> _Work to complete_
Copy word for word, please, the lines of the entries below running from the one containing "(simp add: less_imp_le)" to the one containing "using N by auto", both ends included.

- - -

lemma weighted_average_tendsto_zero:
  fixes w u :: "nat \<Rightarrow> real"
  assumes w_pos: "\<And>k. 0 < w k" and W: "filterlim (\<lambda>N. \<Sum>k<N. w k) at_top sequentially"
    and u: "u \<longlonglongrightarrow> 0"
  shows "(\<lambda>N. (\<Sum>k<N. w k * u k) / (\<Sum>k<N. w k)) \<longlonglongrightarrow> 0"
proof (rule LIMSEQ_I)
  fix e :: real assume e: "0 < e"
  obtain K where K: "\<And>k. k \<ge> K \<Longrightarrow> norm (u k) < e/2"
    using LIMSEQ_D[OF u, of "e/2"] e by auto
  define A where "A = (\<Sum>k<K. w k * \<bar>u k\<bar>)"
  obtain N0 where N0: "\<And>N. N \<ge> N0 \<Longrightarrow> (\<Sum>k<N. w k) > 2*A/e"
    using W unfolding filterlim_at_top_dense eventually_sequentially by blast
  show "\<exists>N0. \<forall>N\<ge>N0. norm ((\<Sum>k<N. w k * u k) / (\<Sum>k<N. w k) - 0) < e"
  proof (intro exI allI impI)
    fix N assume N: "N \<ge> max N0 K"
    define W where "W = (\<Sum>k<N. w k)"
    have A_nonneg: "0 \<le> A" unfolding A_def using w_pos by (intro sum_nonneg) (simp add: less_imp_le)
    have A_small: "A < W * (e/2)" using N0[of N] N e by (simp add: W_def field_simps)
    then have "0 < W * (e/2)" using A_nonneg by linarith
    then have W_pos: "W > 0" using e by (simp add: zero_less_mult_iff)
    have split: "{..<N} = {..<K} \<union> {K..<N}" using N by auto
    have "\<bar>\<Sum>k<N. w k * u k\<bar> \<le> (\<Sum>k<N. w k * \<bar>u k\<bar>)"
      by (rule order_trans[OF sum_abs]) (simp add: abs_mult w_pos less_imp_le)
    also have "\<dots> = A + (\<Sum>k\<in>{K..<N}. w k * \<bar>u k\<bar>)"
      unfolding A_def split by (subst sum.union_disjoint) auto
    also have "(\<Sum>k\<in>{K..<N}. w k * \<bar>u k\<bar>) \<le> (\<Sum>k<N. w k * (e/2))"
      using K w_pos e
      by (intro order_trans[OF sum_mono sum_mono2[of "{..<N}"]] mult_left_mono) (auto simp: less_imp_le)
    also have "\<dots> = W * (e/2)" by (simp add: W_def sum_distrib_right)
    finally have "\<bar>\<Sum>k<N. w k * u k\<bar> < W * e" using A_small by linarith
    then show "norm ((\<Sum>k<N. w k * u k) / (\<Sum>k<N. w k) - 0) < e"
      using W_pos by (simp add: W_def[symmetric] abs_divide divide_less_eq mult.commute)
  qed
qed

- - -

> _Response to this exercise_
    have A_nonneg: "0 \<le> A" unfolding A_def using w_pos by (intro sum_nonneg) (simp add: less_imp_le)
    have A_small: "A < W * (e/2)" using N0[of N] N e by (simp add: W_def field_simps)
    then have "0 < W * (e/2)" using A_nonneg by linarith
    then have W_pos: "W > 0" using e by (simp add: zero_less_mult_iff)
    have split: "{..<N} = {..<K} \<union> {K..<N}" using N by auto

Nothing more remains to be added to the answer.